Tree Felling

We were fascinated yesterday to see this massive machine come down the road, pull out the fence post in the field behind us, roll onto the field and then replace the fence post back in the ground. The machine wasn’t like anything we’d seen before so we watched it rumble across the field to the trees behind it and it started pulling up the smaller trees!

There’s been a lot of tree felling going on. Some eucalyptus plantations have been felled – but I think the land they are clearing behind us is because the councils are fining people for not keeping land clear as part of a drive to stop wild fires. Unless the land is designated for plantations, it has to be kept clear and clean if it is with x number of meters of houses or a fire break of x meters has to be in place.

The trees they are taking down behind us are pine and don’t look as though they were plantation trees (they aren’t in rows). Several have fallen down over the years and not cleared away, so it would have been a bit of a wild fire risk.

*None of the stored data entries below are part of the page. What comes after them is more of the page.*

(* Let $G$ be a connected cubic graph on $n$ vertices with $n\equiv 0\pmod 4$. If $G$ has a Xuong tree whose cotree has a unique odd component and this component has at least three edges, then $G$ admits a coherent stable decycling partition, i.e. a partition $\{A,J\}$ of $V(G)$ such that $G[A]$ is a tree and $J$ is independent or near-independent.
   Context: Graphs are finite; loops and multiple edges allowed; a cubic graph is $3$-regular. For connected $G$, $\beta(G)=|E(G)|-|V(G)|+1$; $\gamma_M(G)$ is the largest genus of a closed orientable surface on which $G$ has a cellular embedding; $\xi(G)=\beta(G)-2\gamma_M(G)$. For a spanning tree $T$ the cotree is $G-E(T)$; a component is odd if it has an odd number of edges; $T$ is a Xuong tree if its cotree has exactly $\xi(G)$ odd components. $J$ is independent if $G[J]$ has no edges and near-independent if $G[J]$ has exactly one edge. *)

theory Defs
  imports Main "HOL-Combinatorics.Permutations"
begin

text \<open>A finite multigraph (loops and parallel edges allowed) is given by a vertex set V,
an edge set E and two endpoint maps src, tgt (an arbitrary reference orientation;
a loop is an edge e with src e = tgt e).\<close>

definition multigraph :: "'v set \<Rightarrow> 'e set \<Rightarrow> ('e \<Rightarrow> 'v) \<Rightarrow> ('e \<Rightarrow> 'v) \<Rightarrow> bool" where
  "multigraph V E src tgt \<longleftrightarrow> finite V \<and> finite E \<and> (\<forall>e\<in>E. src e \<in> V \<and> tgt e \<in> V)"

text \<open>Degree: a loop contributes 2.\<close>
definition degree :: "'e set \<Rightarrow> ('e \<Rightarrow> 'v) \<Rightarrow> ('e \<Rightarrow> 'v) \<Rightarrow> 'v \<Rightarrow> nat" where
  "degree E src tgt v = card {e\<in>E. src e = v} + card {e\<in>E. tgt e = v}"

definition cubic :: "'v set \<Rightarrow> 'e set \<Rightarrow> ('e \<Rightarrow> 'v) \<Rightarrow> ('e \<Rightarrow> 'v) \<Rightarrow> bool" where
  "cubic V E src tgt \<longleftrightarrow> (\<forall>v\<in>V. degree E src tgt v = 3)"

definition reach :: "'e set \<Rightarrow> ('e \<Rightarrow> 'v) \<Rightarrow> ('e \<Rightarrow> 'v) \<Rightarrow> ('v \<times> 'v) set" where
  "reach F src tgt = ({(src e, tgt e) | e. e \<in> F} \<union> {(tgt e, src e) | e. e \<in> F})\<^sup>*"

definition connected_graph :: "'v set \<Rightarrow> 'e set \<Rightarrow> ('e \<Rightarrow> 'v) \<Rightarrow> ('e \<Rightarrow> 'v) \<Rightarrow> bool" where
  "connected_graph V F src tgt \<longleftrightarrow> V \<noteq> {} \<and> (\<forall>u\<in>V. \<forall>v\<in>V. (u, v) \<in> reach F src tgt)"

text \<open>The graph (V, F) is acyclic: every edge is a bridge (a loop is never a bridge).\<close>
definition acyclic_graph :: "'e set \<Rightarrow> ('e \<Rightarrow> 'v) \<Rightarrow> ('e \<Rightarrow> 'v) \<Rightarrow> bool" where
  "acyclic_graph F src tgt \<longleftrightarrow> (\<forall>e\<in>F. (src e, tgt e) \<notin> reach (F - {e}) src tgt)"

definition is_tree :: "'v set \<Rightarrow> 'e set \<Rightarrow> ('e \<Rightarrow> 'v) \<Rightarrow> ('e \<Rightarrow> 'v) \<Rightarrow> bool" where
  "is_tree V F src tgt \<longleftrightarrow> connected_graph V F src tgt \<and> acyclic_graph F src tgt"

definition spanning_tree :: "'v set \<Rightarrow> 'e set \<Rightarrow> ('e \<Rightarrow> 'v) \<Rightarrow> ('e \<Rightarrow> 'v) \<Rightarrow> 'e set \<Rightarrow> bool" where
  "spanning_tree V E src tgt T \<longleftrightarrow> T \<subseteq> E \<and> is_tree V T src tgt"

Anyway, we watched as this machine plucked smaller trees and then carefully laid them down side by side. Then someone with a chainsaw started cutting the bigger trees and this machine moved them and stacked them. I think there were two people working, the operator of the machine and the chainsaw person. They’d pretty much cleared it in a day. I wonder how many people would have been used in the past – or how much time it would have taken.

And then this morning I saw this where eucalyptus trees are being cleared. It’s like a massive pencil sharpener! The trees get fed into where the arrow is and then they get rolled around and all their branches get cut off. Ready to be taken away.

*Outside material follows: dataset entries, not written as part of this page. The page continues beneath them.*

definition full_dimensional :: "'a::euclidean_space set \<Rightarrow> bool" where
  "full_dimensional K \<longleftrightarrow> aff_dim K = int DIM('a)"

definition is_face :: "'a::euclidean_space set \<Rightarrow> 'a set \<Rightarrow> bool" where
  "is_face F K \<longleftrightarrow> closed F \<and> convex F \<and> F \<subseteq> K \<and>
     (\<forall>x\<in>K. \<forall>y\<in>K. \<forall>\<alpha>::real. 0 < \<alpha> \<and> \<alpha> < 1 \<and> \<alpha> *\<^sub>R x + (1 - \<alpha>) *\<^sub>R y \<in> F
        \<longrightarrow> x \<in> F \<and> y \<in> F)"

definition amenable_face :: "'a::euclidean_space set \<Rightarrow> 'a set \<Rightarrow> bool" where
  "amenable_face F K \<longleftrightarrow> is_face F K \<and>
     (\<forall>B. bounded B \<longrightarrow> (\<exists>\<kappa>>0. \<forall>x \<in> span F \<inter> B. infdist x F \<le> \<kappa> * infdist x K))"

definition projectionally_exposed :: "'a::euclidean_space set \<Rightarrow> 'a set \<Rightarrow> bool" where
  "projectionally_exposed F K \<longleftrightarrow> is_face F K \<and>
     (\<exists>P::'a \<Rightarrow> 'a. linear P \<and> P \<circ> P = P \<and> P ` K = F)"

end

theory Submission
  imports Defs
begin

text \<open>
  Since \<open>F\<close> is a face of codimension one containing \<open>0\<close>, its span is a hyperplane
  \<open>{x. a \<bullet> x = 0}\<close>, and splitting a relative interior point of \<open>F\<close> shows that \<open>K\<close> lies
  on one side of it, say \<open>0 \<le> a \<bullet> x\<close> on \<open>K\<close>. Fix \<open>e\<close> with \<open>a \<bullet> e = 1\<close>. For \<open>x \<in> K\<close>
  and \<open>t = a \<bullet> x\<close>, the point \<open>x - t *\<^sub>R e\<close> lies in \<open>span F\<close> within distance \<open>t * norm e\<close>
  of \<open>K\<close>, hence, by amenability (which for cones holds with one constant \<open>\<kappa>\<close> on all of
  \<open>span F\<close>), within distance \<open>\<kappa> * t * norm e\<close> of \<open>F\<close>. As \<open>F\<close> contains the cone over a
  ball in \<open>span F\<close> around a relative interior point \<open>c\<close>, this error is absorbed by a multiple
  \<open>t * M\<close> of \<open>c\<close>. Hence \<open>x - t *\<^sub>R (e - M *\<^sub>R c) \<in> F\<close>, and
  \<open>x \<mapsto> x - (a \<bullet> x) *\<^sub>R v\<close> with \<open>v = e - M *\<^sub>R c\<close> is an idempotent linear map of \<open>K\<close>
  onto \<open>F\<close>.
\<close>

lemma closed_convex_cone_iff: "closed_convex_cone K \<longleftrightarrow> closed K \<and> convex_cone K"
  by (auto simp: closed_convex_cone_def convex_cone_def cone_def conic_def)

lemma is_face_imp_face_of:
  assumes face: "is_face F K"
  shows "F face_of K"
proof -
  have "a \<in> F \<and> b \<in> F"
    if ab: "a \<in> K" "b \<in> K" and x: "x \<in> F" "x \<in> open_segment a b" for a b x
  proof -
    obtain u where u: "0 < u" "u < 1" "x = (1 - u) *\<^sub>R a + u *\<^sub>R b"
      using x(2) by (auto simp: in_segment)
    then have "(1 - u) *\<^sub>R a + (1 - (1 - u)) *\<^sub>R b \<in> F"
      using x(1) by simp
    moreover have "0 < 1 - u" "1 - u < 1"
      using u by auto
    ultimately show ?thesis
      using face ab unfolding is_face_def by blast
  qed
  then show ?thesis
    using face unfolding is_face_def face_of_def by blast
qed

lemma face_of_convex_cone:
  assumes "convex_cone K" "F face_of K" "F \<noteq> {}"
  shows "convex_cone F"
  using assms face_of_conic face_of_imp_convex unfolding convex_cone_def by blast

lemma face_of_convex_cone_add:
  assumes "convex_cone K" "F face_of K" "x \<in> K" "y \<in> K" "x + y \<in> F"
  shows "x \<in> F"
proof -
  have conF: "conic F"
    using assms(1,2) face_of_conic unfolding convex_cone_def by blast
  have "2 *\<^sub>R x \<in> F"
  proof (cases "x = y")
    case True
    then show ?thesis using assms(5) by (simp add: scaleR_2)
  next
    case False
    have "x + y = midpoint (2 *\<^sub>R x) (2 *\<^sub>R y)"
      by (simp add: midpoint_def scaleR_add_right[symmetric])
    then have "x + y \<in> open_segment (2 *\<^sub>R x) (2 *\<^sub>R y)"
      using False by simp
    then show ?thesis
      using face_ofD[OF assms(2)] assms convex_cone_scaleR by (metis zero_le_numeral)
  qed
  then have "(1/2) *\<^sub>R (2 *\<^sub>R x) \<in> F"
    by (rule conic_mul[OF conF]) simp
  then show ?thesis by simp
qed

lemma conic_cball_span_absorb:
  fixes F :: "'a::real_normed_vector set"
  assumes "conic F" "c \<in> F" "cball c \<rho> \<inter> span F \<subseteq> F"
    and "b \<in> span F" "norm b \<le> s * \<rho>" "0 \<le> s"
  shows "b + s *\<^sub>R c \<in> F"
proof (cases "s = 0")
  case True
  then show ?thesis
    using assms conic_mul by fastforce
next
  case False
  then have s: "0 < s" using assms(6) by simp
  have "dist c (c + b /\<^sub>R s) = norm b / s"
    using s by (simp add: dist_norm divide_inverse_commute)
  also have "\<dots> \<le> \<rho>"
    using s assms(5) by (simp add: pos_divide_le_eq mult.commute)
  finally have "dist c (c + b /\<^sub>R s) \<le> \<rho>" .
  moreover have "c + b /\<^sub>R s \<in> span F"
    using assms(2,4) by (simp add: span_add span_base span_scale)
  ultimately have "c + b /\<^sub>R s \<in> F"
    using assms(3) by auto
  then have "s *\<^sub>R (c + b /\<^sub>R s) \<in> F"
    using assms(1) s conic_mul by fastforce
  then show ?thesis
    using s by (simp add: scaleR_add_right add.commute)
qed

It’s very interesting watching the land getting cleared. It’s like it would have looked 70 or so years ago. Houses are appearing which were ‘lost’ among the trees.

I’ve thought before how the eucalyptus are like a reservoir in reverse. Instead of valleys getting flooded, the hills get ‘raised’. I think the trees get to about 20 meters before they are harvested – so the whole landscape was basically raised by this amount!

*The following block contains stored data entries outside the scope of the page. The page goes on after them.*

lemma bilext_rescale:
  assumes "\<And>x. f x \<noteq> 0" "\<And>y. g y \<noteq> 0"
  shows "bilext (\<lambda>x y. sc (f x * g y) (F x y)) a b = bilext F (\<lambda>x. f x * a x) (\<lambda>y. g y * b y)"
proof -
  have "spt (\<lambda>x. f x * a x) = spt a" "spt (\<lambda>y. g y * b y) = spt b"
    using assms by (auto simp: spt_def)
  thus ?thesis unfolding bilext_def by (simp add: mult_ac)
qed

lemma bil_bilext:
  assumes "\<And>k x y. valid N x \<Longrightarrow> valid N y \<Longrightarrow> F k x y \<in> VL N"
  shows "bil N (\<lambda>k. bilext (F k))"
  unfolding bil_def
proof (intro conjI allI ballI)
  fix k a b assume ab: "a \<in> VL N" "b \<in> VL N"
  show "bilext (F k) a b \<in> VL N" by (rule bilext_VL, rule assms) (use ab VL_valid in blast)+
next
  fix k a a' b c assume V: "a \<in> VL N" "a' \<in> VL N" "b \<in> VL N"
  hence fin: "finite (spt a)" "finite (spt a')" "finite (spt b)" "finite (spt (sc c a))"
    using VL_finite VL_sc by blast+
  show "bilext (F k) (a + a') b = bilext (F k) a b + bilext (F k) a' b"
    using fin(1-3) by (rule bilext_add_left)
  show "bilext (F k) (sc c a) b = sc c (bilext (F k) a b)"
    using fin by (intro bilext_sc_left)
  show "bilext (F k) b (a + a') = bilext (F k) b a + bilext (F k) b a'"
    using fin(1-3) by (subst (1 2 3) bilext_swap) (rule bilext_add_left)
  show "bilext (F k) b (sc c a) = sc c (bilext (F k) b a)"
    using fin by (subst (1 2) bilext_swap) (rule bilext_sc_left)
qed

lemma bil_eq_bilext:
  assumes "bil N P" "u \<in> VL N" "v \<in> VL N"
  shows "P k u v = bilext (\<lambda>x y. P k (bas x) (bas y)) u v"
proof -
  have "P k u v = (\<Sum>x\<in>spt u. sc (u x) (P k (bas x) v))"
    by (rule lin_on_eq_sum_bas[OF bil_lin_on_left[OF assms(1,3)] assms(2)])
  also have "\<dots> = (\<Sum>x\<in>spt u. sc (u x) (\<Sum>y\<in>spt v. sc (v y) (P k (bas x) (bas y))))"
    using assms by (intro sum.cong refl arg_cong[where f="sc _"] lin_on_eq_sum_bas
        bil_lin_on_right VL_bas_spt)
  finally show ?thesis unfolding bilext_def by (simp add: sc_sum)
qed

This is a great example – the yellow line is where the hill top would have originally been pre-eucalyptus. So the horizon really has changed:

The walk I take in the morning has changed and has opened up tremendously. There are views where there were trees before and there’s certainly a couple of houses which would have been in the shadows of trees now having 180 degree sea views! I can see old walls and tracks which were previously hidden.

It appears that people either love or hate the eucalyptus, with perhaps the people who like them being limited to people who work or profit from the wood business (which is by no means insignificant) and the land owners who grow them for profit. I’m sort of neutral as it’s all we’ve known, but before we moved here I was very aware of the wild fire risk, and we didn’t view houses which were too close to eucalyptus trees. Some councils are encouraging the eucalyptus to be replaced with other crops like avocado (which would be great!).

One big challenge though that the wood felling creates is the massive machinery wrecks the roads and can completely wipe out unsurfaced tracks. The felling companies are responsible for making the roads right again or paying fines – but this rarely happens. Councils where this is a big problem (there was one village which became inaccessible as all roads to the village were severely damaged by machinery) now enforce the big machines to have tracking devices so if roads or tracks are damaged, they know who to get in touch with to get fixed or fined.

So it will be interesting to see what happens now, both in the land behind us and whether the eucalyptus that’s been cleared is replanted with eucalyptus or something else.